(* Let $\mathcal{A}$ be a weighted pushdown system with state set $Q$ and stack alphabet $\Gamma$, let $c_1,c_2$ be configurations and $n\in\mathbb{Z}$. Suppose there is a path from $c_1$ to $c_2$ of total weight at least $n$, and let $d\in\mathbb{N}$ be the minimum additional stack height among all paths from $c_1$ to $c_2$ with total weight at least $n$. If $d\geq(|Q|\cdot|\Gamma|)^2$, then there is a path $\pi^*$ from $c_1$ to $c_2$ with additional stack height $d$ that has a pumpable pair $(p_1,p_2)$ with $w(p_1)+w(p_2)>0$.
   Context: A weighted pushdown system (WPS) is $\mathcal{A}=\langle Q,\Gamma,q_0,E,w\rangle$ with finite state set $Q$, initial state $q_0$, finite stack alphabet $\Gamma$ containing a bottom symbol $\bot$ that can be neither pushed nor popped, edges $E\subseteq(Q\times\Gamma)\times(Q\times\mathrm{Com}(\Gamma))$ where $\mathrm{Com}(\Gamma)=\{\mathit{skip},\mathit{pop}\}\cup\{\mathit{push}(z):z\in\Gamma\}$, and weights $w:E\to\mathbb{Z}$. Configurations are $(\alpha,q)$ with $\alpha\in\Gamma^+$, $q\in Q$; $(\alpha',q')$ is a successor of $(\alpha,q)$ if some edge $(q,\gamma,q',\mathit{com})$ has $\gamma$ the top of $\alpha$ and $\alpha'=\mathit{com}(\alpha)$. A path is a sequence of successive configurations (equivalently a start configuration plus a sequence of edges); its weight $w(\pi)$ is the sum of the weights of its edges. For a finite path with stacks $\alpha_1,\dots,\alpha_n$, $\mathrm{ASH}(\pi)=\max_i|\alpha_i|-\max\{|\alpha_1|,|\alpha_n|\}$. A pumpable pair of a path $\pi=\langle c_1e_1e_2\dots\rangle$ is a pair of nonempty disjoint blocks of consecutive edges $p_1$ (earlier) and $p_2$ (later) such that for every $j\ge 0$, repeating $p_1$ and $p_2$ each exactly $j$ times (in place) yields a valid path from $c_1$; $w(p_i)$ is the sum of weights of the edges of $p_i$. *)

theory Defs
  imports Main
begin

datatype 'g scom = Skip | Pop | Push 'g

type_synonym ('q, 'g) edge = "('q \<times> 'g) \<times> ('q \<times> 'g scom)"

text \<open>Configurations (alpha, q); the stack is a list whose head is the top symbol.\<close>
type_synonym ('q, 'g) config = "'g list \<times> 'q"

record ('q, 'g) wps =
  states :: "'q set"
  alphabet :: "'g set"
  init :: 'q
  bottom :: 'g
  edges :: "('q, 'g) edge set"
  weight :: "('q, 'g) edge \<Rightarrow> int"

fun com_ok :: "'g set \<Rightarrow> 'g scom \<Rightarrow> bool" where
  "com_ok G Skip = True"
| "com_ok G Pop = True"
| "com_ok G (Push z) = (z \<in> G)"

definition is_wps :: "('q, 'g) wps \<Rightarrow> bool" where
  "is_wps A \<longleftrightarrow>
     finite (states A) \<and> finite (alphabet A) \<and> init A \<in> states A \<and>
     bottom A \<in> alphabet A \<and>
     (\<forall>((q, g), (q', c)) \<in> edges A.
        q \<in> states A \<and> g \<in> alphabet A \<and> q' \<in> states A \<and> com_ok (alphabet A) c \<and>
        c \<noteq> Push (bottom A) \<and> \<not> (g = bottom A \<and> c = Pop))"

fun apply_com :: "'g scom \<Rightarrow> 'g list \<Rightarrow> 'g list" where
  "apply_com Skip \<alpha> = \<alpha>"
| "apply_com Pop \<alpha> = tl \<alpha>"
| "apply_com (Push z) \<alpha> = z # \<alpha>"

definition is_config :: "('q, 'g) wps \<Rightarrow> ('q, 'g) config \<Rightarrow> bool" where
  "is_config A c \<longleftrightarrow> fst c \<noteq> [] \<and> set (fst c) \<subseteq> alphabet A \<and> snd c \<in> states A"

definition step :: "('q, 'g) wps \<Rightarrow> ('q, 'g) edge \<Rightarrow> ('q, 'g) config \<Rightarrow> ('q, 'g) config option" where
  "step A e c =
     (let ((q, g), (q', cm)) = e; (\<alpha>, p) = c in
      if e \<in> edges A \<and> p = q \<and> \<alpha> \<noteq> [] \<and> hd \<alpha> = g \<and> is_config A (apply_com cm \<alpha>, q')
      then Some (apply_com cm \<alpha>, q') else None)"

fun run :: "('q, 'g) wps \<Rightarrow> ('q, 'g) config \<Rightarrow> ('q, 'g) edge list \<Rightarrow> ('q, 'g) config list option" where
  "run A c [] = Some [c]"
| "run A c (e # es) =
     (case step A e c of None \<Rightarrow> None
      | Some c' \<Rightarrow> (case run A c' es of None \<Rightarrow> None | Some cs \<Rightarrow> Some (c # cs)))"

definition is_path :: "('q, 'g) wps \<Rightarrow> ('q, 'g) config \<Rightarrow> ('q, 'g) edge list \<Rightarrow> bool" where
  "is_path A c es \<longleftrightarrow> is_config A c \<and> run A c es \<noteq> None"

definition path_from_to ::
  "('q, 'g) wps \<Rightarrow> ('q, 'g) config \<Rightarrow> ('q, 'g) edge list \<Rightarrow> ('q, 'g) config \<Rightarrow> bool" where
  "path_from_to A c1 es c2 \<longleftrightarrow> is_path A c1 es \<and> last (the (run A c1 es)) = c2"

definition path_weight :: "('q, 'g) wps \<Rightarrow> ('q, 'g) edge list \<Rightarrow> int" where
  "path_weight A es = sum_list (map (weight A) es)"

definition ASH :: "('q, 'g) wps \<Rightarrow> ('q, 'g) config \<Rightarrow> ('q, 'g) edge list \<Rightarrow> nat" where
  "ASH A c es =
     (let cs = the (run A c es); hs = map (\<lambda>c. length (fst c)) cs in
      Max (set hs) - max (hd hs) (last hs))"

definition pump :: "'e list \<Rightarrow> nat \<Rightarrow> nat \<Rightarrow> nat \<Rightarrow> nat \<Rightarrow> nat \<Rightarrow> 'e list" where
  "pump es i k1 j k2 m =
     take i es @ concat (replicate m (take k1 (drop i es)))
     @ take (j - (i + k1)) (drop (i + k1) es)
     @ concat (replicate m (take k2 (drop j es))) @ drop (j + k2) es"

text \<open>(i,k1,j,k2) describes a pumpable pair p1 = es[i..<i+k1], p2 = es[j..<j+k2].\<close>
definition pumpable_pair ::
  "('q, 'g) wps \<Rightarrow> ('q, 'g) config \<Rightarrow> ('q, 'g) edge list \<Rightarrow> nat \<Rightarrow> nat \<Rightarrow> nat \<Rightarrow> nat \<Rightarrow> bool" where
  "pumpable_pair A c es i k1 j k2 \<longleftrightarrow>
     0 < k1 \<and> 0 < k2 \<and> i + k1 \<le> j \<and> j + k2 \<le> length es \<and>
     (\<forall>m. is_path A c (pump es i k1 j k2 m))"

end

theory Submission
  imports Defs
begin

(* Among the paths from c1 to c2 of weight at least n and minimal additional stack height d
   we pick a shortest one.  Along its run, every stack level k between the heights of the two
   endpoints and the maximal height is crossed upwards for the last time (at a k) and
   downwards for the first time (at b k) around the peak; these crossings are nested and
   the run stays at height at least k in between.  If d >= (|Q| |Gamma|)^2, two levels
   k < l agree on the state and top symbol at a and on the state at b (pigeonhole).  By the
   frame property of pushdown runs, the blocks [a k, a l) and [b l, b k) can then be
   repeated any number of times, i.e. they form a pumpable pair, and deleting both keeps
   the run below its old maximum.  Deleting a pair of nonpositive total weight would give a
   shorter path of the same additional stack height and weight at least n; so the weight
   of the pair is positive. *)

lemma step_eq:
  "step A ((q0, g), (q1, cm)) (\<alpha>, p) =
     (if ((q0, g), (q1, cm)) \<in> edges A \<and> p = q0 \<and> \<alpha> \<noteq> [] \<and> hd \<alpha> = g \<and> is_config A (apply_com cm \<alpha>, q1)
      then Some (apply_com cm \<alpha>, q1) else None)"
  by (simp add: step_def)

lemma run_Cons_Some:
  assumes "run A c (e # es) = Some cs"
  obtains c' cs' where "step A e c = Some c'" "run A c' es = Some cs'" "cs = c # cs'"
  using assms by (auto split: option.splits)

EXERCISE AIM
Could you transcribe the entries above word for word, from the line with "es = sum_list" down to the line with "Max (set hs)", keeping both?

ANSWER SPACE
  "path_weight A es = sum_list (map (weight A) es)"

definition ASH :: "('q, 'g) wps \<Rightarrow> ('q, 'g) config \<Rightarrow> ('q, 'g) edge list \<Rightarrow> nat" where
  "ASH A c es =
     (let cs = the (run A c es); hs = map (\<lambda>c. length (fst c)) cs in
      Max (set hs) - max (hd hs) (last hs))"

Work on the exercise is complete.